7. The trading backtracking table that made over 6 times profit was derived from mindlessly buying and selling based on the trend channel. The strategy is so simple it’s outrageous: buy in all positions when standing on the channel; sell in all positions when breaking the channel. Isn't it crude to the extreme?!

The biggest advantage of the trend is: never miss a major opportunity, never get stuck.

I previously said that as long as a bull market comes, it will definitely be captured, and some people criticized me for boasting. As long as this simplest point is achieved, boasting becomes reality.

8. You should know that once you stand on the trend channel, it does not mean every time there will be a major bull market, and even the success rate is very low. However, every major bull market starts after standing on the trend channel, without exception. Similarly, once the trend channel is broken, it does not mean every time a downward trend will start, and the success rate is also very low. However, every major bear market starts after breaking the trend channel. The trend channel strategy can protect us from making principled errors.

9. What is a principled error? It is missing the main upward wave and stubbornly holding onto the main downward wave.

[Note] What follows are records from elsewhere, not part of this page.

lemma power_sum_shifted_roots_le:
  assumes mn: "length z \<le> length p" and nr: "nr \<le> length p"
    and real_poles: "\<forall>i<nr. Im (p ! i) = 0 \<and> 0 < Re (p ! i) + \<delta>" and mu: "1 \<le> \<mu>"
    and wmaj: "weakly_majorizes (wvec nr p z \<mu> \<delta>) (vvec nr p z \<mu> \<delta>)"
    and ineq: "\<forall>k\<in>{1..<\<mu>}.
       (\<Sum>i<length p. (wvec nr p z \<mu> \<delta> ! i) powr (real k / real \<mu>))
       + (\<Sum>i<length p. (vvec nr p z \<mu> \<delta> ! i) powr (real k / real \<mu>)
                         * cos (Arg (p ! i + of_real \<delta>) * real k))
       \<ge> (\<Sum>i\<in>{length p..<length p + length z}.
             (vvec nr p z \<mu> \<delta> ! i) powr (real k / real \<mu>)
             * cos (Arg (z ! (i - length p) + of_real \<delta>) * real k))"
  shows "(\<Sum>j<length z. Re ((z ! j + of_real \<delta>) ^ n)) \<le> (\<Sum>i<length p. Re ((p ! i + of_real \<delta>) ^ n))"
proof -
  consider "n = 0" | "1 \<le> n" "n < \<mu>" | "\<mu> \<le> n"
    by linarith
  then show ?thesis
  proof cases
    case 1
    then show ?thesis
      using mn by simp
  next
    case 2
    have "(\<Sum>i<length p. Re ((p ! i + of_real \<delta>) ^ n)) =
        (\<Sum>i<length p. wvec nr p z \<mu> \<delta> ! i powr (real n / real \<mu>))
        + (\<Sum>i<length p. vvec nr p z \<mu> \<delta> ! i powr (real n / real \<mu>)
                          * cos (Arg (p ! i + of_real \<delta>) * real n))"
      using Re_power_shifted_pole[where z=z and \<mu>=\<mu>, OF _ real_poles 2(1) mu]
      by (simp add: sum.distrib)
    moreover have "(\<Sum>j<length z. Re ((z ! j + of_real \<delta>) ^ n)) =
        (\<Sum>i\<in>{length p..<length p + length z}.
             vvec nr p z \<mu> \<delta> ! i powr (real n / real \<mu>)
             * cos (Arg (z ! (i - length p) + of_real \<delta>) * real n))"
      using Re_power_shifted_zero[where \<mu>=\<mu>, OF _ nr 2(1) mu]
      by (simp add: sum.atLeastLessThan_shift_0 atLeast0LessThan)
    moreover have "n \<in> {1..<\<mu>}"
      using 2 by simp
    ultimately show ?thesis
      using ineq by auto
  next
    case 3
    then show ?thesis
      by (rule power_sum_shifted_roots_le_of_weakly_majorizes[OF nr real_poles mu _ wmaj])
  qed
qed

lemma wvec_less_power:
  assumes "\<forall>i<nr. Im (p ! i) = 0 \<and> 0 < Re (p ! i) + \<delta> \<and> Re (p ! i) + \<delta> < t"
    and "0 < t" and "1 \<le> \<mu>"
  shows "\<forall>a\<in>set (wvec nr p z \<mu> \<delta>). a < t ^ \<mu>"
proof
  fix a assume "a \<in> set (wvec nr p z \<mu> \<delta>)"
  then obtain l where l: "l < length p + length z" "a = wvec nr p z \<mu> \<delta> ! l"
    by (auto simp: in_set_conv_nth)
  show "a < t ^ \<mu>"
  proof (cases "l < nr")
    case True
    then have "a = (Re (p ! l) + \<delta>) ^ \<mu>"
      using l assms(1) by (simp add: nth_wvec add_of_real_eq_of_real_Re del: of_real_add)
    also have "\<dots> < t ^ \<mu>"
      using True assms by (intro power_strict_mono) auto
    finally show ?thesis .
  qed (use l assms(2) in \<open>simp add: nth_wvec\<close>)
qed

lemma norm_shifted_roots_less:
  assumes mn: "length z \<le> length p" and nr: "nr \<le> length p"
    and real_poles: "\<forall>i<nr. Im (p ! i) = 0" and delta_p: "\<forall>i<length p. 0 < Re (p ! i) + \<delta>"
    and mu: "1 \<le> \<mu>" and wmaj: "weakly_majorizes (wvec nr p z \<mu> \<delta>) (vvec nr p z \<mu> \<delta>)"
    and x: "\<forall>c\<in>set p. Re c < x"
  shows "\<forall>i<length p. cmod (p ! i + of_real \<delta>) < x + \<delta>"
    and "\<forall>j<length z. cmod (z ! j + of_real \<delta>) < x + \<delta>"
proof -
  have pole_less: "Re (p ! i) + \<delta> < x + \<delta>" if "i < length p" for i
    using x that by simp
  have t: "0 < x + \<delta>" if "p \<noteq> []"
    using pole_less[of 0] delta_p that by fastforce
  have v_less: "b < (x + \<delta>) ^ \<mu>" if "p \<noteq> []" "b \<in> set (vvec nr p z \<mu> \<delta>)" for b
  proof -
    have "\<forall>a\<in>set (wvec nr p z \<mu> \<delta>). a < (x + \<delta>) ^ \<mu>"
      using real_poles delta_p pole_less nr t[OF that(1)] mu by (intro wvec_less_power) auto
    then show ?thesis
      using weakly_majorizes_imp_bounded[OF wmaj that(2)] by fastforce
  qed
  show "\<forall>i<length p. cmod (p ! i + of_real \<delta>) < x + \<delta>"
  proof (intro allI impI)
    fix i assume i: "i < length p"
    then have "p \<noteq> []"
      by auto
    show "cmod (p ! i + of_real \<delta>) < x + \<delta>"
    proof (cases "i < nr")
      case True
      then show ?thesis
        using real_poles delta_p[rule_format, OF i] pole_less[OF i]
        by (simp add: add_of_real_eq_of_real_Re del: of_real_add)
    next
      case False
      then have "cmod (p ! i + of_real \<delta>) ^ \<mu> < (x + \<delta>) ^ \<mu>"
        using v_less[OF \<open>p \<noteq> []\<close> nth_mem[of i "vvec nr p z \<mu> \<delta>"]] i by (simp add: nth_vvec)
      then show ?thesis
        using t[OF \<open>p \<noteq> []\<close>] by (simp add: power_less_imp_less_base)
    qed
  qed
  show "\<forall>j<length z. cmod (z ! j + of_real \<delta>) < x + \<delta>"
  proof (intro allI impI)
    fix j assume j: "j < length z"
    then have "p \<noteq> []"
      using mn by auto
    then have "cmod (z ! j + of_real \<delta>) ^ \<mu> < (x + \<delta>) ^ \<mu>"
      using v_less[OF _ nth_mem[of "length p + j" "vvec nr p z \<mu> \<delta>"]] j nr by (simp add: nth_vvec)
    then show "cmod (z ! j + of_real \<delta>) < x + \<delta>"
      using t[OF \<open>p \<noteq> []\<close>] by (simp add: power_less_imp_less_base)
  qed
qed

lemma Re_less_of_norm_shifted_less:
  assumes "\<forall>j<length cs. cmod (cs ! j + of_real \<delta>) < s + \<delta>"
  shows "\<forall>c\<in>set cs. Re c < s"
proof
  fix c assume "c \<in> set cs"
  then obtain j where "j < length cs" "c = cs ! j"
    by (auto simp: in_set_conv_nth)
  then show "Re c < s"
    using assms complex_Re_le_cmod[of "c + of_real \<delta>"] by fastforce
qed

'Trend channels' solve the two biggest problems at once. Whether the market is surging or plummeting, the main upward wave will not escape you, and the main downward wave will not trap you. These characteristics are also clearly visible on the trading backtracking table: the most profitable trade surged more than 5 times, while the most significant loss was only 13 points.

10. Although this single indicator can achieve decent results in the cryptocurrency market, it is far from enough. Because it is too crude and not delicate enough, it has inherent flaws: the success rate is too low. It wears out significantly during the consolidation phase, but in order to wait for that one big bull market, one has to endure the wear and tear. The data from the trading backtracking table on 'success rate' is discouraging: only 10%. Nevertheless, I still believe it is the best strategy for cryptocurrency investment, without exception.

11. Four years ago, when I first entered the field, I published an article stating that trend investing is the best strategy for the cryptocurrency market, and I am even more convinced of this viewpoint now. Therefore, the trend indicator rightly becomes the only main indicator in my trading system, and its position is even more secure. At the same time, since the trend is too crude, foolishly going all-in and cutting losses, succeeding only once in ten attempts is obviously not satisfactory. Are there other indicators that can compensate to some extent and make the trend more delicate?

12. The answer is: yes. From hundreds of indicators and strategies, I chose 'structure'. In the next chapter, I will discuss the structure of my cryptocurrency trading system. 'Structure' is the only secondary indicator in my trading system and also carries a significant position weight. If the trading system can only select 2 indicators, they would be trend and structure.